>>

definition matching_sum :: "(nat \<Rightarrow> 'a::comm_ring_1) \<Rightarrow> (nat \<Rightarrow> 'a) \<Rightarrow> nat \<Rightarrow> 'a" where
  "matching_sum x y r = (\<Sum>S\<in>path_matchings r.
     (\<Prod>i\<in>S. y i) * (\<Prod>j\<in>{1..r} - (S \<union> (\<lambda>s. s + 1) ` S). x j))"

lemma finite_path_matchings: "finite (path_matchings r)"
  unfolding path_matchings_def by (rule finite_subset[of _ "Pow {1..<r}"]) auto

lemma path_matchings_Suc_Suc:
  "path_matchings (Suc (Suc r)) = path_matchings (Suc r) \<union> insert (Suc r) ` path_matchings r"
proof
  show "path_matchings (Suc (Suc r)) \<subseteq> path_matchings (Suc r) \<union> insert (Suc r) ` path_matchings r"
  proof
    fix S assume S: "S \<in> path_matchings (Suc (Suc r))"
    show "S \<in> path_matchings (Suc r) \<union> insert (Suc r) ` path_matchings r"
    proof (cases "Suc r \<in> S")
      case True
      then have "r \<notin> S" using S unfolding path_matchings_def by auto
      then have "S - {Suc r} \<in> path_matchings r"
        using S unfolding path_matchings_def by (auto simp: less_Suc_eq)
      moreover have "S = insert (Suc r) (S - {Suc r})" using True by auto
      ultimately show ?thesis by blast
    qed (use S in \<open>auto simp: path_matchings_def less_Suc_eq\<close>)
  qed
qed (auto simp: path_matchings_def)

lemma matching_sum_Suc_Suc:
  "matching_sum x y (Suc (Suc r)) =
    x (r + 2) * matching_sum x y (Suc r) + y (Suc r) * matching_sum x y r"
proof -
  let ?t = "\<lambda>l S. (\<Prod>i\<in>S. y i) * (\<Prod>j\<in>{1..l} - (S \<union> (\<lambda>s. s + 1) ` S). x j)"
  have disjoint: "path_matchings (Suc r) \<inter> insert (Suc r) ` path_matchings r = {}"
    unfolding path_matchings_def by auto
  have inj: "inj_on (insert (Suc r)) (path_matchings r)"
  proof (rule inj_onI)
    fix S T assume "S \<in> path_matchings r" "T \<in> path_matchings r"
      and "insert (Suc r) S = insert (Suc r) T"
    moreover from calculation(1,2) have "Suc r \<notin> S" "Suc r \<notin> T"
      unfolding path_matchings_def by auto
    ultimately show "S = T" by (metis Diff_insert_absorb)
  qed
  have last_free: "?t (Suc (Suc r)) S = x (r + 2) * ?t (Suc r) S"
    if "S \<in> path_matchings (Suc r)" for S
  proof -
    have "{1..Suc (Suc r)} - (S \<union> (\<lambda>s. s + 1) ` S)
        = insert (Suc (Suc r)) ({1..Suc r} - (S \<union> (\<lambda>s. s + 1) ` S))"
      using that unfolding path_matchings_def by auto
    then show ?thesis by (simp add: algebra_simps)
  qed
  have last_edge: "?t (Suc (Suc r)) (insert (Suc r) S) = y (Suc r) * ?t r S"
    if "S \<in> path_matchings r" for S
  proof -
    have "finite S" "Suc r \<notin> S"
      using that unfolding path_matchings_def by (auto intro: finite_subset)
    moreover have "{1..Suc (Suc r)} - (insert (Suc r) S \<union> (\<lambda>s. s + 1) ` insert (Suc r) S)
        = {1..r} - (S \<union> (\<lambda>s. s + 1) ` S)"
      using that unfolding path_matchings_def by auto
    ultimately show ?thesis by (simp add: algebra_simps)
  qed
  have "matching_sum x y (Suc (Suc r)) = (\<Sum>S\<in>path_matchings (Suc r). ?t (Suc (Suc r)) S)
      + (\<Sum>S\<in>insert (Suc r) ` path_matchings r. ?t (Suc (Suc r)) S)"
    unfolding matching_sum_def path_matchings_Suc_Suc
    by (rule sum.union_disjoint) (use finite_path_matchings disjoint in auto)
  also have "(\<Sum>S\<in>path_matchings (Suc r). ?t (Suc (Suc r)) S) = x (r + 2) * matching_sum x y (Suc r)"
    unfolding matching_sum_def sum_distrib_left by (rule sum.cong[OF refl last_free])
  also have "(\<Sum>S\<in>insert (Suc r) ` path_matchings r. ?t (Suc (Suc r)) S) = y (Suc r) * matching_sum x y r"
    unfolding sum.reindex[OF inj] matching_sum_def sum_distrib_left o_def
    by (rule sum.cong[OF refl last_edge])
  finally show ?thesis .
qed

lemma matching_sum_eq_continuant: "matching_sum x y r = continuant x y r"
proof (induction r rule: induct_nat_012)
  case 0
  have "path_matchings 0 = {{}}" by (auto simp: path_matchings_def)
  then show ?case by (simp add: matching_sum_def)
next
  case 1
  have "path_matchings 1 = {{}}" by (auto simp: path_matchings_def)
  then show ?case by (simp add: matching_sum_def)
next
  case (ge2 r)
  then show ?case by (simp add: matching_sum_Suc_Suc)
qed

lemma alpha_eq_matching_sum: "r \<le> k \<Longrightarrow> alpha k x y r = matching_sum x y r"
  by (subst alpha.simps) (simp add: matching_sum_def path_matchings_def)

lemma alpha_eq_continuant:
  assumes "k \<ge> 1"
  shows "alpha k x y r = continuant x y r"
proof (induction r rule: induct_nat_012)
  case (ge2 r)
  show ?case
  proof (cases "Suc (Suc r) \<le> k")
    case True
    then show ?thesis by (simp add: alpha_eq_matching_sum matching_sum_eq_continuant)
  next
    case False
    then show ?thesis using ge2 by (subst alpha.simps) simp
  qed
qed (use assms in \<open>simp_all add: alpha_eq_matching_sum matching_sum_eq_continuant\<close>)

definition tridiagonal ::
  "(nat \<Rightarrow> 'a::zero) \<Rightarrow> (nat \<Rightarrow> 'a) \<Rightarrow> (nat \<Rightarrow> 'a) \<Rightarrow> nat \<Rightarrow> 'a mat" where
  "tridiagonal A B C L = mat L L (\<lambda>(i, j). if i = j then A i else if j = i + 1 then B i
      else if i = j + 1 then C j else 0)"
lemma M4_triple_closed_sum_mod_4:
  assumes x: "x \<in> idx d" and "3 \<le> d" and zero: "M4 d x = 0" and closed: "triple_closed d (M4 d) x"
  shows "(\<Sum>i<d. x ! i) mod 4 = 2"
proof -
  define S where "S = (\<Sum>i<d. x ! i)"
  have len: "length x = d" using idx_length[OF x] .
  have S: "S mod 4 \<noteq> 0" using zero by (simp add: M4_def S_def split: if_splits)
  \<comment> \<open>Replacing \<open>x ! l\<close> by \<open>u l\<close> lowers the coordinate sum by \<open>S\<close> mod 4.\<close>
  have "\<forall>l. \<exists>v. v < 4 \<and> (S + v) mod 4 = x ! l mod 4"
    using exists_mod_4_complement by blast
  then obtain u where u: "\<And>l. u l < 4" "\<And>l. (S + u l) mod 4 = x ! l mod 4"
    by metis
  have sum_update: "(\<Sum>i<d. y[l := u l] ! i) + y ! l = (\<Sum>i<d. y ! i) + u l"
    if "l < d" "length y = d" for y l
    using sum_list_update_nth[OF that, of "\<lambda>_ v. v"] by simp
  have one: "M4 d (x[l := u l]) = 1" if "l < d" for l
  proof -
    have "(x ! l + (\<Sum>i<d. x[l := u l] ! i)) mod 4 = (x ! l + 0) mod 4"
      using sum_update[OF that len] u(2) by (simp add: S_def add.commute)
    then show ?thesis unfolding mod_add_left_cancel_nat by (simp add: M4_def)
  qed
  define y where "y = x[0 := u 0, 1 := u 1, 2 := u 2]"
  have "M4 d y = 1"
    using closed one u(1) \<open>3 \<le> d\<close> by (simp add: triple_closed_def y_def)
  then have T: "(\<Sum>i<d. y ! i) mod 4 = 0" by (simp add: M4_def split: if_splits)
  have "(\<Sum>i<d. y ! i) + x ! 0 + x ! 1 + x ! 2 = S + u 0 + u 1 + u 2"
    using sum_update[of 0 x] sum_update[of 1 "x[0 := u 0]"] sum_update[of 2 "x[0 := u 0, 1 := u 1]"]
      len \<open>3 \<le> d\<close> by (simp add: y_def S_def)
  then have "S mod 4 = 2"
    using mod_4_eq_2_of_triple_shift[where x="\<lambda>l. x ! l", OF _ u(2) T S] by blast
  then show ?thesis by (simp add: S_def)
qed

definition pf_sum :: "nat \<Rightarrow> nat list \<Rightarrow> nat list \<Rightarrow> nat" where
  "pf_sum d E \<alpha> = (\<Sum>i<d. pf (E ! i) (\<alpha> ! i))"

definition muf_sum :: "nat \<Rightarrow> nat list \<Rightarrow> nat list \<Rightarrow> nat" where
  "muf_sum d E \<alpha> = (\<Sum>i<d. muf (E ! i) (\<alpha> ! i))"

lemma block_perm_eq:
  "block_perm d E lam s \<alpha> =
     (if pf_sum d E \<alpha> mod 2 = s \<and> (muf_sum d E \<alpha> + lam (pvec d E \<alpha>)) mod 2 = 0 then 1 else 0)"
  by (simp add: block_perm_def pf_sum_def muf_sum_def)

lemma pf_le_1: "pf e x \<le> 1"
  by (simp add: pf_def)

lemma muf_le_1: "muf e x \<le> 1"
  by (simp add: muf_def)

lemma pf_sum_eq_if_pvec_eq:
  assumes "pvec d E \<beta> = pvec d E \<alpha>"
  shows "pf_sum d E \<beta> = pf_sum d E \<alpha>"
proof -
  have "pf (E ! i) (\<beta> ! i) = pf (E ! i) (\<alpha> ! i)" if "i < d" for i
    using arg_cong[OF assms, of "\<lambda>xs. xs ! i"] that by (simp add: pvec_def)
  then show ?thesis by (simp add: pf_sum_def)
qed
definition Psi :: "nat \<Rightarrow> real \<Rightarrow> real \<Rightarrow> real" where
  "Psi k d = psi_dot d \<circ> psi_hat k"

end

(* With phi t = ln ((1 - t) / (1 - 2 t)) one has psi_hat k x = exp (- phi (x^(k-1))), and
   (1 - w) / (2 - w) = x iff w = exp (- phi x); so on (0, 1/2) the fixed points of Psi_d are the
   solutions of phi x / phi (x^(k-1)) = d - 1.
   Existence: Psi_d (1/2) < 1/2, while at the left end a = 1/2 - 2^-k the lower bound on d gives
   phi a <= (d - 1) phi (a^(k-1)), i.e. Psi_d a >= a; apply the intermediate value theorem.
   Uniqueness: phi x / phi (x^(k-1)) is strictly increasing on [a, 1/2). Since y / (1 - y) <= phi y,
   its derivative is positive wherever (k - 1) (1 - x) (1 - 2x) phi x < x (1 - 2 x^(k-1)); the left
   side is largest at x = a because t ln (c / t) increases for t <= c / e, and at x = a the inequality
   is a numerical estimate. *)

theory Submission
  imports Defs "HOL-Analysis.Harmonic_Numbers"
begin

section \<open>The fixed point equation in terms of phi\<close>

definition phi :: "real \<Rightarrow> real" where
  "phi t = ln ((1 - t) / (1 - 2 * t))"

lemma exp_neg_phi: "t < 1/2 \<Longrightarrow> exp (- phi t) = (1 - 2 * t) / (1 - t)"
  unfolding phi_def by (simp add: exp_minus)

lemma phi_has_real_derivative:
  "t < 1/2 \<Longrightarrow> (phi has_real_derivative 1 / ((1 - t) * (1 - 2 * t))) (at t)"
  unfolding phi_def[abs_def] by (auto intro!: derivative_eq_intros)

lemma phi_ge: "t < 1/2 \<Longrightarrow> t / (1 - t) \<le> phi t"
proof -
  assume t: "t < 1/2"
  then have "phi t = - ln ((1 - 2 * t) / (1 - t))"
    unfolding phi_def by (simp add: ln_div)
  moreover have "ln ((1 - 2 * t) / (1 - t)) \<le> (1 - 2 * t) / (1 - t) - 1"
    using t by (intro ln_le_minus_one) simp
  moreover have "(1 - 2 * t) / (1 - t) - 1 = - (t / (1 - t))"
    using t by (simp add: field_simps)
  ultimately show ?thesis
    by linarith
qed

lemma phi_ge_self: "0 \<le> t \<Longrightarrow> t < 1/2 \<Longrightarrow> t \<le> phi t"
proof -
  assume t: "0 \<le> t" "t < 1/2"
  then have "t * (1 - t) \<le> t"
    by (simp add: algebra_simps)
  with t have "t \<le> t / (1 - t)"
    by (simp add: le_divide_eq)
  then show ?thesis
    using phi_ge[OF t(2)] by (rule order_trans)
qed

lemma phi_pos: "0 < t \<Longrightarrow> t < 1/2 \<Longrightarrow> 0 < phi t"
  using phi_ge[of t] divide_pos_pos[of t "1 - t"] by linarith

lemma Psi_eq_exp_phi:
  fixes d x :: real
  assumes "x ^ (k - 1) < 1/2"
  defines "w \<equiv> exp (- (d - 1) * phi (x ^ (k - 1)))"
  shows "Psi k d x = (1 - w) / (2 - w)"
proof -
  have "psi_hat k x = exp (- phi (x ^ (k - 1)))"
    unfolding psi_hat_def using exp_neg_phi[OF assms(1)] by simp
  then have "psi_hat k x powr (d - 1) = w"
    unfolding powr_def w_def by (simp add: algebra_simps)
  then show ?thesis
    unfolding Psi_def psi_dot_def comp_def by simp
qed

lemma Psi_eq_self_iff:
  assumes "0 < x" "x < 1/2" "x ^ (k - 1) < 1/2"
  shows "Psi k d x = x \<longleftrightarrow> (d - 1) * phi (x ^ (k - 1)) = phi x"
proof -
  define w where "w = exp (- (d - 1) * phi (x ^ (k - 1)))"
  have "(1 - w) / (2 - w) = x \<longleftrightarrow> w = (1 - 2 * x) / (1 - x)"
    using assms(1,2) by (cases "w = 2") (auto simp: field_simps)
  also have "\<dots> \<longleftrightarrow> w = exp (- phi x)"
    using exp_neg_phi assms(2) by simp
  finally show ?thesis
    using Psi_eq_exp_phi[OF assms(3)] by (auto simp: w_def algebra_simps)
qed
(* Let $t_1,t_{1'},t_2,t_{2'},t_0,t_\infty\in\mathbb{R}$ satisfy $t_1\neq t_2$; $t_0\neq t_\infty,t_1,t_{1'},t_2,t_{2'}$; $t_\infty\neq t_1,t_2$; and \[ \frac{(t_\infty - t_0)(t_1 - t_0)}{(t_1-t_\infty)(t_{1'}-t_0)} = \frac{(t_\infty - t_0)(t_2 - t_0)}{(t_2-t_\infty)(t_{2'}-t_0)}. \] Then there is a constant $A$ depending only on $d$ such that for every set of lines $G$, \[ |G|^4 \leq A\, D_{t_1,t_2}D_{t_0,t_\infty}D_{t_{1'},t_0}D_{t_{2'},t_0}\,\mathcal{M}(G)\sup_{t\in\{t_\infty,t_0,t_1,t_{1'},t_2,t_{2'}\}}\mathcal{L}^{d-1}(\pi_t(G))^7. \]
   Context: Let $e_1,\ldots,e_d$ be an orthonormal basis of $\mathbb{R}^d$, $H=\mathrm{span}(e_1,\ldots,e_{d-1})\cong\mathbb{R}^{d-1}$, and $H_t=H+te_d$ for $t\in\mathbb{R}$. $\mathcal{L}^m$ denotes Lebesgue measure on $\mathbb{R}^m$. A "set of lines" $G$ is a collection of lines in $\mathbb{R}^d$ each meeting $H$ in exactly one point. For such a line $g$, $\pi_t(g)=H_t\cap g$ (viewed as a point of $H$ after subtracting $te_d$), and $\pi_t(G)=\{\pi_t(g):g\in G\}$. Set $G_X=\{(\xi,x)\in H\times H: \exists g\in G \text{ with } x,\ x+\xi+e_d\in g\}$, $|G|=\mathcal{L}^{2(d-1)}(G_X)$, and $\mathcal{M}(G)=\sup_{\xi\in H}\mathcal{L}^{d-1}(\{x:(\xi,x)\in G_X\})$. For $t\ne t'$, $D_{t,t'}=|t-t'|^{-(d-1)}$. Throughout, sets of lines are assumed to be such that the relevant sets are measurable and $|G|$, $\mathcal{M}(G)$ and all $\mathcal{L}^{d-1}(\pi_t(G))$ are finite. *)

theory Defs
  imports "HOL-Analysis.Analysis"
begin

(* R^d is modelled as H \<times> R with H = real^'n, so d - 1 = CARD('n) (hence d \<ge> 2).
   The second component is the e_d coordinate; H_t = {(x,t). x \<in> H}. *)

definition is_line :: "'a::euclidean_space set \<Rightarrow> bool" where
  "is_line L \<longleftrightarrow> affine L \<and> aff_dim L = 1"
lemma cond_esssup_indicator_cond_esssup:
  assumes M: "finite_measure M" and G\<^sub>t: "subalgebra M G\<^sub>t" and G\<^sub>0: "subalgebra G\<^sub>t G\<^sub>0"
    and A: "A \<in> sets G\<^sub>t" and Z: "AE x in M. ereal (Z x) = cond_esssup M G\<^sub>t Y x"
  shows "AE x in M. cond_esssup M G\<^sub>0 (\<lambda>y. Z y * indicator A y) x
                  = cond_esssup M G\<^sub>0 (\<lambda>y. Y y * indicator A y) x"
proof -
  have G\<^sub>0M: "subalgebra M G\<^sub>0"
    using G\<^sub>t G\<^sub>0 unfolding subalgebra_def by auto
  define E\<^sub>Z where "E\<^sub>Z = cond_esssup M G\<^sub>0 (\<lambda>y. Z y * indicator A y)"
  define E\<^sub>Y where "E\<^sub>Y = cond_esssup M G\<^sub>0 (\<lambda>y. Y y * indicator A y)"
  have E\<^sub>Y_upper: "AE x in M. ereal (Y x * indicator A x) \<le> E\<^sub>Y x"
    unfolding E\<^sub>Y_def by (rule cond_esssup_upper[OF M G\<^sub>0M])
  have "AE x in M. E\<^sub>Y x \<le> E\<^sub>Z x"
    unfolding E\<^sub>Y_def
  proof (rule cond_esssup_least[OF M G\<^sub>0M])
    show "E\<^sub>Z \<in> borel_measurable G\<^sub>0"
      unfolding E\<^sub>Z_def by (rule borel_measurable_cond_esssup[OF M G\<^sub>0M])
    show "AE x in M. ereal (Y x * indicator A x) \<le> E\<^sub>Z x"
      using cond_esssup_upper[OF M G\<^sub>t, of Y] cond_esssup_upper[OF M G\<^sub>0M, of "\<lambda>y. Z y * indicator A y"] Z
      unfolding E\<^sub>Z_def by eventually_elim (auto simp: indicator_def)
  qed
  moreover have "AE x in M. E\<^sub>Z x \<le> E\<^sub>Y x"
    unfolding E\<^sub>Z_def
  proof (rule cond_esssup_least[OF M G\<^sub>0M])
    show E\<^sub>Y: "E\<^sub>Y \<in> borel_measurable G\<^sub>0"
      unfolding E\<^sub>Y_def by (rule borel_measurable_cond_esssup[OF M G\<^sub>0M])
    \<comment> \<open>on \<open>A\<close>, the \<open>G\<^sub>0\<close>-bound \<open>E\<^sub>Y\<close> is a \<open>G\<^sub>t\<close>-bound of \<open>Y\<close>; off \<open>A\<close> it bounds \<open>0\<close>\<close>
    have "(\<lambda>x. if x \<in> A then E\<^sub>Y x else \<infinity>) \<in> borel_measurable G\<^sub>t"
      using measurable_from_subalg[OF G\<^sub>0 E\<^sub>Y] A by measurable
    then have "AE x in M. cond_esssup M G\<^sub>t Y x \<le> (if x \<in> A then E\<^sub>Y x else \<infinity>)"
      using E\<^sub>Y_upper by (intro cond_esssup_least[OF M G\<^sub>t]) (auto elim: AE_mp)
    then show "AE x in M. ereal (Z x * indicator A x) \<le> E\<^sub>Y x"
      using Z E\<^sub>Y_upper by eventually_elim (auto simp: indicator_def split: if_splits)
  qed
  ultimately show ?thesis
    unfolding E\<^sub>Z_def E\<^sub>Y_def by eventually_elim auto
qed

lemma cond_esssup_bounded:
  assumes "finite_measure M" and "subalgebra M G" and "AE x in M. \<bar>Y x\<bar> \<le> C"
  shows "AE x in M. ereal (- C) \<le> cond_esssup M G Y x \<and> cond_esssup M G Y x \<le> ereal C"
proof -
  have "AE x in M. cond_esssup M G Y x \<le> ereal C"
    using assms(3) by (intro cond_esssup_least[OF assms(1,2)]) (auto elim: AE_mp)
  with cond_esssup_upper[OF assms(1,2), of Y] assms(3) show ?thesis
    by eventually_elim (auto intro: order_trans[rotated])
qed
(* Let $q\in\Bbbk^\times$. (1) The linear map $\phi:A(q)\to A(q^{-1})$ with $\phi(e_1)=e_1$, $\phi(e_2)=e_2$, $\phi(a)=c$, $\phi(b)=d$, $\phi(c)=a$, $\phi(d)=b$ extends to an isomorphism. (2) The linear map $\psi:A(q)\to A(q^{-1})$ with $\psi(e_1)=e_2$, $\psi(e_2)=e_1$, $\psi(a)=qb$, $\psi(b)=a$, $\psi(c)=d$, $\psi(d)=c$ extends to an isomorphism.
   Context: $\Bbbk$ is an algebraically closed field of characteristic zero. Paths are written left to right. Let $Q$ be the quiver with vertices $e_1,e_2$, arrows $a,c:e_1\to e_2$ and $b,d:e_2\to e_1$; $A(q)=\Bbbk Q/(ab-cd,\ ba-q\,dc)$. *)

theory Defs
  imports Main "HOL-Computational_Algebra.Polynomial"
begin

text \<open>Paths are written left to right and represented as a start vertex together with
  a list of composable arrows; the trivial path at v is (v, []).\<close>

datatype vert = V1 | V2
datatype arr = Aa | Ab | Ac | Ad

fun src :: "arr \<Rightarrow> vert" where
  "src Aa = V1" | "src Ac = V1" | "src Ab = V2" | "src Ad = V2"

fun tgt :: "arr \<Rightarrow> vert" where
  "tgt Aa = V2" | "tgt Ac = V2" | "tgt Ab = V1" | "tgt Ad = V1"

type_synonym path = "vert \<times> arr list"

fun composable :: "vert \<Rightarrow> arr list \<Rightarrow> bool" where
  "composable v [] = True"
| "composable v (x # xs) = (src x = v \<and> composable (tgt x) xs)"

fun pend :: "vert \<Rightarrow> arr list \<Rightarrow> vert" where
  "pend v [] = v"
| "pend v (x # xs) = pend (tgt x) xs"

definition valid_path :: "path \<Rightarrow> bool" where
  "valid_path p = composable (fst p) (snd p)"

definition kQ :: "(path \<Rightarrow> 'k::field) set" where
  "kQ = {f. finite {p. f p \<noteq> 0} \<and> (\<forall>p. f p \<noteq> 0 \<longrightarrow> valid_path p)}"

<<

PROBLEM TO WORK ON. Working from the material above, restate word for word the lines between the line with "len \<open>3 \<le>" and the line with "(if pf_sum d", both included, and only those.

ANSWER TO THIS EXERCISE.
      len \<open>3 \<le> d\<close> by (simp add: y_def S_def)
  then have "S mod 4 = 2"
    using mod_4_eq_2_of_triple_shift[where x="\<lambda>l. x ! l", OF _ u(2) T S] by blast
  then show ?thesis by (simp add: S_def)
qed

definition pf_sum :: "nat \<Rightarrow> nat list \<Rightarrow> nat list \<Rightarrow> nat" where
  "pf_sum d E \<alpha> = (\<Sum>i<d. pf (E ! i) (\<alpha> ! i))"

definition muf_sum :: "nat \<Rightarrow> nat list \<Rightarrow> nat list \<Rightarrow> nat" where
  "muf_sum d E \<alpha> = (\<Sum>i<d. muf (E ! i) (\<alpha> ! i))"

lemma block_perm_eq:
  "block_perm d E lam s \<alpha> =
     (if pf_sum d E \<alpha> mod 2 = s \<and> (muf_sum d E \<alpha> + lam (pvec d E \<alpha>)) mod 2 = 0 then 1 else 0)"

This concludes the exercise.